Si nous acceptons ce postulat, quelles sont les approches possibles ?

Le niveau de formation peut être très différent d’un secteur à l’autre, en fonction du niveau de responsabilité offert. Mais globalement il est supérieur à celui constaté il y a quelques années.

Les entreprises sont confrontées au niveau de formation de leur management. Formation de base voire technique et surtout de capacité à gérer leur équipe.

La formation des « talents » est souvent associée à un bon niveau de spécialisation en fonction de leur(s) centre(s) d’intérêt.
Leur formation, quel qu’en soit le niveau technique, ne comprend pas ou peu de cursus managérial.

L’entreprise doit les conserver suffisamment longtemps pour rentabiliser le recrutement, l’intégration, la formation au poste…

Au-delà de quelques structures où le turn-over est très faible, l’attachement « viscéral » à l’entreprise n’est  plus naturel.

Démontrer tous les jours que leur intérêt et celui de l’entreprise sont compatibles. Que l’un ne va pas sans l’autre dans la mesure où, même si le point d’équilibre à évolué depuis quelques années, la réalisation sociale passe encore très largement par la place du travail dans la Société, sa place et son niveau de réalisation dans l’entreprise.

Franchir les étapes « en accéléré » pour être très vite autonome et occuper des postes clefs de l’organisation est une des caractéristiques de cette génération Y. Il faut gérer les « talents » de l’entreprise sans plan de carrière, mais en conservant l’idée que « l’ascenseur social » n’est pas une denrée périmée.

Intégration, intégration ! Oui, mais l’intégration c’est aussi participer au processus décisionnel. Aujourd’hui c’est un des éléments clefs d’une intégration réussie.
L’exercice est un peu plus compliqué qu’avant car il faut faire participer dans un cadre collectif en préservant les avantages liés à l’individuel !

Globalement les nouveaux recrutés sont plus exigeants que leurs aînés, plus critiques vis-à-vis de l’entreprise et  des dirigeants ; organisation trop complexe, illisible, qui change trop souvent, que les enjeux financiers sont exorbitants de leur centre d’intérêt.

Dans l’actualité, le bien-être au travail donc l’absence d’un certain stress devient le leitmotiv du salarié d’aujourd’hui. Peu importe ce que nous pouvons en penser, ne pas aller dans ce sens nous éloigne des objectifs des entreprises.

Les réponses concrètes sont de natures connues mais pas toujours appliquées.

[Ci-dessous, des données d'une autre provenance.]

text \<open>With \<open>y = q t (2i+1) ^ (z+1)\<close> we have \<open>down i = up i / y\<close>, and \<open>down (i+1) \<ge> y up i\<close> because
  \<open>t (2i+2) > t (2i+1)\<close>; AM-GM on \<open>up i / y + y up i\<close> then shows \<open>mid\<close> does not increase, and the
  exact gain in \<open>t (2i+2) ^ (z+1) - t (2i+1) ^ (z+1)\<close> gives the quantitative bound.\<close>
lemma mid_decrease: "q / 2 * up i ^ 2 * t (Suc (Suc (2 * i))) ^ z \<le> mid i - mid (Suc i)"
proof -
  define A where "A = t (Suc (2 * i))"
  define B where "B = t (Suc (Suc (2 * i)))"
  define y where "y = q * A ^ Suc z"
  have A0: "0 < A" using t_pos by (simp add: A_def)
  have y0: "0 < y" using q_pos A0 by (simp add: y_def)
  have B: "B = A + up i" using t_even_Suc by (simp add: A_def B_def)
  have mid_diff: "mid i - mid (Suc i) = (down i + down (Suc i) - 2 * up i) / 2"
    using t_odd[of i] t_even_Suc[of i] t_odd[of "Suc i"] by (simp add: mid_def field_simps)
  have "up i = y * down i" using up_eq[of i] by (simp add: y_def A_def)
  then have down_i: "down i = up i / y" using y0 by (simp add: field_simps)
  have down_Suc: "down (Suc i) = q * B ^ Suc z * up i" using down_Suc_eq[of i] by (simp add: B_def)
  have "0 \<le> up i * (y - 1)\<^sup>2 / y" using y0 up_pos[of i] by simp
  also have "up i * (y - 1)\<^sup>2 / y = up i / y + y * up i - 2 * up i"
    using y0 by (simp add: field_simps power2_eq_square)
  finally have am_gm: "0 \<le> up i / y + y * up i - 2 * up i" .
  have "q * up i * (up i * B ^ z) \<le> q * up i * (B ^ Suc z - A ^ Suc z)"
    using power_Suc_diff_ge[OF z_le_1, of A "up i"] A0 up_pos[of i] q_pos B
    by (intro mult_left_mono) auto
  also have "\<dots> = q * B ^ Suc z * up i - y * up i" by (simp add: y_def algebra_simps)
  finally have "q * up i ^ 2 * B ^ z \<le> q * B ^ Suc z * up i - y * up i"
    by (simp add: power2_eq_square mult_ac)
  with am_gm have "q * up i ^ 2 * B ^ z \<le> down i + down (Suc i) - 2 * up i"
    unfolding down_i down_Suc by linarith
  then show ?thesis unfolding mid_diff B_def by simp
qed
lemma typed_psubstv:
  assumes "typed \<Theta> \<Gamma> P T" and "\<Gamma> x = Some B" and "has_type v B"
    and "\<forall>y. y \<noteq> x \<longrightarrow> \<Gamma>' y = \<Gamma> y"
  shows "typed \<Theta> \<Gamma>' (psubstv P x v) T"
  using assms
proof (induction arbitrary: \<Gamma>' rule: typed.induct)
  case (tBra tbs bs \<Theta> \<Gamma>)
  show ?case unfolding psubstv.simps
  proof (rule typed.tBra, clarify)
    fix l B' S' assume "(l, B', S') \<in> set tbs"
    with tBra.IH tBra.prems obtain y Q where m: "map_of bs l = Some (y, Q)"
      and t: "typed \<Theta> (\<Gamma>(y \<mapsto> B')) Q S'"
      and ih: "\<And>\<Gamma>''. (\<Gamma>(y \<mapsto> B')) x = Some B \<Longrightarrow> \<forall>z. z \<noteq> x \<longrightarrow> \<Gamma>'' z = (\<Gamma>(y \<mapsto> B')) z
          \<Longrightarrow> typed \<Theta> \<Gamma>'' (psubstv Q x v) S'"
      by fastforce
    have "typed \<Theta> (\<Gamma>'(y \<mapsto> B')) (if y = x then Q else psubstv Q x v) S'"
    proof (cases "y = x")
      case True
      then have "\<Gamma>'(y \<mapsto> B') = \<Gamma>(y \<mapsto> B')"
        using tBra.prems(3) by (auto simp: fun_eq_iff)
      with True t show ?thesis by simp
    next
      case False
      with tBra.prems show ?thesis by (simp, intro ih) auto
    qed
    with m show "\<exists>y Q. map_of (map (\<lambda>(l, y, Q). (l, y, if y = x then Q else psubstv Q x v)) bs) l
        = Some (y, Q) \<and> typed \<Theta> (\<Gamma>'(y \<mapsto> B')) Q S'"
      by (simp add: map_of_map_with_key)
  qed
qed (auto intro: typed.intros arg_type_subst_arg pred_ok_subst_pred)

lemma typed_PSendD:
  "typed \<Theta> \<Gamma> (PSend l a P) T \<Longrightarrow>
   \<exists>cs B S. hnf T (SSel cs) \<and> (l, B, S) \<in> set cs \<and> arg_type \<Gamma> a B \<and> typed \<Theta> \<Gamma> P S"
proof (induction \<Theta> \<Gamma> "PSend l a P" T rule: typed.induct)
  case (tSel B S tbs \<Gamma> \<Theta>)
  then show ?case by (auto intro: hnf.intros)
next
  case (tEq \<Theta> \<Gamma> T T')
  then obtain cs B S where h: "hnf T (SSel cs)" and m: "(l, B, S) \<in> set cs"
    and a: "arg_type \<Gamma> a B" and t: "typed \<Theta> \<Gamma> P S"
    by blast
  from \<open>teq T T'\<close> show ?case
  proof cases
    case (teq_sel bs cs')
    with h have "bs = cs" by (blast dest: hnf_unique)
    with teq_sel m obtain S' where "(l, B, S') \<in> set cs'" and "teq S S'" by fastforce
    with teq_sel a t show ?thesis by (blast intro: typed.tEq)
  qed (use h hnf_unique in fastforce)+
qed

lemma typed_PBraD:
  "typed \<Theta> \<Gamma> (PBra bs) T \<Longrightarrow>
   \<exists>cs. hnf T (SBra cs)
     \<and> (\<forall>(l, B, S) \<in> set cs. \<exists>x Q. map_of bs l = Some (x, Q) \<and> typed \<Theta> (\<Gamma>(x \<mapsto> B)) Q S)"
proof (induction \<Theta> \<Gamma> "PBra bs" T rule: typed.induct)
  case (tBra tbs \<Theta> \<Gamma>)
  then show ?case by (blast intro: hnf.intros)
next
  case (tEq \<Theta> \<Gamma> T T')
  then obtain cs where h: "hnf T (SBra cs)"
    and m: "\<forall>(l, B, S) \<in> set cs. \<exists>x Q. map_of bs l = Some (x, Q) \<and> typed \<Theta> (\<Gamma>(x \<mapsto> B)) Q S"
    by blast
  from \<open>teq T T'\<close> show ?case
  proof cases
    case (teq_bra bs' cs')
    with h have "bs' = cs" by (blast dest: hnf_unique)
    have "\<exists>x Q. map_of bs l = Some (x, Q) \<and> typed \<Theta> (\<Gamma>(x \<mapsto> B)) Q S'"
      if "(l, B, S') \<in> set cs'" for l B S'
    proof -
      from that teq_bra(4) \<open>bs' = cs\<close> obtain S where "(l, B, S) \<in> set cs" and "teq S S'"
        by fastforce
      with m show ?thesis by (blast intro: typed.tEq)
    qed
    with teq_bra show ?thesis by blast
  qed (use h hnf_unique in fastforce)+
qed
(* Let S be the set of configurations with at most l_c(l_c-1)+1 particles in
   every box of side L, let C be the subset of S with no particle in the box B around the
   origin, and let Z_A denote the Boltzmann weight of a set A.  Since mu(C)/mu(S) = Z_C/Z_S,
   it suffices to show 1 - E <= Z_C/Z_S <= 1 with an error E -> 0.

   1. Torus translations act bijectively on the sites, preserve nearest-neighbour pairs and
      map boxes to boxes; hence they preserve the Hamiltonian, the particle number and S.
   2. Averaging: for a translation-closed set A of n-particle configurations and a
      translation-invariant weight w, the expected occupation of a site y, weighted by w,
      is the same for every y, hence equals n/|Lambda| times Z_A.  Summing over y in B gives
      Z_A - Z_{A avoiding B} <= |B| n / |Lambda| Z_A.
   3. With |B| <= L^2, n <= rho |Lambda| + 1 and L^2 rho = exp(-beta delta) this error is
      at most eps + eps/(rho |Lambda|), which tends to 0.
   4. S is nonempty once n <= (N div L)^2: particles on a grid of mesh L never share a box.
      This holds for large beta, so the ratio is well defined and the sandwich argument
      concludes. *)

section \<open>Coordinates on the torus\<close>

definition wrap :: "nat \<Rightarrow> int \<Rightarrow> int" where
  "wrap N a = (a + half N) mod int N - half N"

lemma odd_half: "odd N \<Longrightarrow> int N = 2 * half N + 1 \<and> half N \<ge> 0"
  unfolding half_def by (auto elim!: oddE)

lemma Lam_iff:
  "x \<in> Lam N \<longleftrightarrow> - half N \<le> fst x \<and> fst x \<le> half N \<and> - half N \<le> snd x \<and> snd x \<le> half N"
  unfolding Lam_def by (cases x) auto

lemma finite_Lam: "finite (Lam N)"
  unfolding Lam_def by simp

lemma zero_Lam: "odd N \<Longrightarrow> (0, 0) \<in> Lam N"
  using odd_half[of N] unfolding Lam_iff by auto

lemma card_Lam: assumes "odd N" shows "card (Lam N) = N ^ 2"
proof -
  have h: "int N = 2 * half N + 1" "half N \<ge> 0" using odd_half[OF assms] by auto
  have "card (Lam N) = nat (2 * half N + 1) * nat (2 * half N + 1)"
    unfolding Lam_def by (simp add: card_cartesian_product)
  also have "\<dots> = N * N" using h by (metis nat_int)
  finally show ?thesis by (simp add: power2_eq_square)
qed

lemma wrap_range: assumes "odd N" shows "- half N \<le> wrap N a \<and> wrap N a \<le> half N"
proof -
  have h: "int N = 2 * half N + 1" "half N \<ge> 0" using odd_half[OF assms] by auto
  have "int N > 0" using h by linarith
  hence "0 \<le> (a + half N) mod int N" "(a + half N) mod int N < int N" by simp_all
  thus ?thesis unfolding wrap_def using h by linarith
qed

lemma wrap_mod: "wrap N a mod int N = a mod int N"
  unfolding wrap_def by (simp add: mod_diff_left_eq)

lemma wrap_id: assumes "odd N" "- half N \<le> a" "a \<le> half N" shows "wrap N a = a"
proof -
  have h: "int N = 2 * half N + 1" "half N \<ge> 0" using odd_half[OF assms(1)] by auto
  have "(a + half N) mod int N = a + half N" using h assms by (intro mod_pos_pos_trivial) auto
  thus ?thesis unfolding wrap_def by simp
qed

lemma wrap_cong: assumes "a mod int N = b mod int N" shows "wrap N a = wrap N b"
proof -
  have "(a + half N) mod int N = (a mod int N + half N) mod int N" by (simp add: mod_add_left_eq)
  also have "\<dots> = (b + half N) mod int N" using assms by (simp add: mod_add_left_eq)
  finally show ?thesis unfolding wrap_def by simp
qed

lemma window_mod_inj:
  assumes "odd N" "- half N \<le> a" "a \<le> half N" "- half N \<le> b" "b \<le> half N"
    and "a mod int N = b mod int N"
  shows "a = b"
  using wrap_id[OF assms(1-3)] wrap_id[OF assms(1,4,5)] wrap_cong[OF assms(6)] by linarith
(* Let $R=\{u\in L:(u,u)=2\}$. Then $W(x)=\{\alpha x+\beta y+\gamma z\in R:\alpha\equiv1,\ \beta\equiv0,\ \gamma\equiv0 \pmod 2\}$, $W(y)=\{\alpha x+\beta y+\gamma z\in R:\beta\equiv1,\ \alpha\equiv0,\ \gamma\equiv0 \pmod 2\}$, $W(z)=\{\alpha x+\beta y+\gamma z\in R:\gamma\equiv1,\ \alpha\equiv0,\ \beta\equiv0 \pmod 2\}$.
   Context: $\mathbb F$ is a field of characteristic zero, $\mathfrak{sl}_2$ the Lie algebra of $2\times2$ trace-zero matrices over $\mathbb F$ with trace form $(u,v)=\mathrm{tr}(uv)$. Equitable basis: $x=\begin{pmatrix}1&0\\0&-1\end{pmatrix}$, $y=\begin{pmatrix}-1&2\\0&1\end{pmatrix}$, $z=\begin{pmatrix}-1&0\\-2&1\end{pmatrix}$, $L=\mathbb Zx\oplus\mathbb Zy\oplus\mathbb Zz$. For $u\in\{x,y,z\}$, $r_u(v)=v-(u,v)u$, and $W=\langle r_x,r_y,r_z\rangle$ (the Weyl group of the Kac–Moody algebra with Cartan matrix having $2$ on the diagonal and $-2$ off the diagonal, whose set of real roots equals $R$). $W(u)$ denotes the $W$-orbit of $u$. *)

theory Defs
  imports "HOL-Analysis.Analysis"
begin

definition tr2 :: "'a::comm_ring_1^2^2 \<Rightarrow> 'a" where
  "tr2 A = A$1$1 + A$2$2"

definition sl2 :: "('a::comm_ring_1^2^2) set" where
  "sl2 = {A. tr2 A = 0}"

definition tform :: "'a::comm_ring_1^2^2 \<Rightarrow> 'a^2^2 \<Rightarrow> 'a" where
  "tform u v = tr2 (u ** v)"

definition ex :: "'a::comm_ring_1^2^2" where
  "ex = (\<chi> i j. if i = 1 \<and> j = 1 then 1 else if i = 2 \<and> j = 2 then -1 else 0)"

definition ey :: "'a::comm_ring_1^2^2" where
  "ey = (\<chi> i j. if i = 1 \<and> j = 1 then -1 else if i = 1 \<and> j = 2 then 2
               else if i = 2 \<and> j = 2 then 1 else 0)"

definition ez :: "'a::comm_ring_1^2^2" where
  "ez = (\<chi> i j. if i = 1 \<and> j = 1 then -1 else if i = 2 \<and> j = 1 then -2
               else if i = 2 \<and> j = 2 then 1 else 0)"

definition icomb :: "int \<Rightarrow> int \<Rightarrow> int \<Rightarrow> 'a::comm_ring_1^2^2" where
  "icomb \<alpha> \<beta> \<gamma> = (\<chi> i j. of_int \<alpha> * ex$i$j + of_int \<beta> * ey$i$j + of_int \<gamma> * ez$i$j)"

definition Lat :: "('a::comm_ring_1^2^2) set" where
  "Lat = {icomb \<alpha> \<beta> \<gamma> | \<alpha> \<beta> \<gamma>. True}"

definition Roots :: "('a::comm_ring_1^2^2) set" where
  "Roots = {u \<in> Lat. tform u u = 2}"

definition refl :: "'a::comm_ring_1^2^2 \<Rightarrow> 'a^2^2 \<Rightarrow> 'a^2^2" where
  "refl u v = (\<chi> i j. v$i$j - tform u v * u$i$j)"

text \<open>Since each
  generator is an involution, the subgroup generated coincides with the set of
  all finite composites of generators (including the identity).\<close>
inductive_set Weyl :: "('a::comm_ring_1^2^2 \<Rightarrow> 'a^2^2) set" where
  Weyl_id: "id \<in> Weyl"
| Weyl_gen: "w \<in> Weyl \<Longrightarrow> u \<in> {ex, ey, ez} \<Longrightarrow> refl u \<circ> w \<in> Weyl"

definition orbit :: "'a::comm_ring_1^2^2 \<Rightarrow> ('a^2^2) set" where
  "orbit u = {w u | w. w \<in> Weyl}"

end

theory Submission imports Defs begin

(* Write every element of the lattice L as icomb a b c = a x + b y + c z.
   The trace form gives (u,u) = 2 qf(a,b,c) with qf a b c = a^2+b^2+c^2-2ab-2bc-2ca,
   so R corresponds to the integer solutions of qf = 1.  In these coordinates the three
   generating reflections replace one coordinate, e.g. r_x : a |-> 2b+2c-a.
   (1) Invariance: every element of W preserves qf and the parities of a, b, c, so
       W(x), W(y), W(z) lie in the parity classes claimed.
   (2) Descent: if qf a b c = 1 and at least two coordinates are nonzero, then all
       coordinates have the same sign and (up to sign) the largest one exceeds the sum of
       the other two; reflecting that coordinate strictly decreases a^2+b^2+c^2.
       By induction on a^2+b^2+c^2 every root is therefore W-conjugate to one of
       +-x, +-y, +-z, i.e. lies in the orbit of the basis vector of its parity class. *)

lemma mat2_eq_iff:
  "(A::'a^2^2) = B \<longleftrightarrow> A$1$1 = B$1$1 \<and> A$1$2 = B$1$2 \<and> A$2$1 = B$2$1 \<and> A$2$2 = B$2$2"
  by (auto simp: vec_eq_iff forall_2)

Il faut s’attacher à recruter des « talents » solubles dans la culture de l’entreprise ou accepter de la faire évoluer.
Les recruter n’est pas suffisant, il faut les intégrer, les accompagner dans leur première période de quelques mois – dans leur prise de fonction.
Il faut leur assurer une évolution compatible de l’organisation, de son évolution et des attentes des salariés.
S’inquiéter de leur formation tout au long de leur parcours dans l’organisation, de leur niveau de compétences en fonction de l’évolution des métiers de l’entreprise.
Ne pas refuser de préparer la sortie d’un collaborateur tant par un apport de connaissance complémentaire non directement utilisable par l’entreprise d’aujourd’hui mais par celle de demain. Que de temps gagné pour gérer le départ !
Aider un « talent » à se reclasser à l’extérieur de l’entreprise est un investissement en termes d’image.

Et des outils existent :

  • audit/analyse des besoins en fonction de la stratégie déployée
  • recrutement par approche directe intégrant une analyse fine de la culture de l’entreprise et de la personnalité des candidats
  • recrutement d’un manager de transition pour faire face à une réorganisation ou un projet lourd et structurant
  • accompagnement pendant la période d’essai et suivi de l’intégration
  • formations répondant à l’accompagnement en termes de compétences face aux évolutions de métiers de l’entreprise ou tout changement organisationnel
  • coaching
  • préparation au départ et out-placement

En conclusion nous irons jusqu’à soutenir que FEDERER, MOTIVER donc MANAGER DES TALENTS, DES EQUIPES relève d’une vraie stratégie de développement des RESSOURCES HUMAINES en utilisant les moyens et outils adaptés à des situations différentes donc construits sur-mesure à partir de socles validés.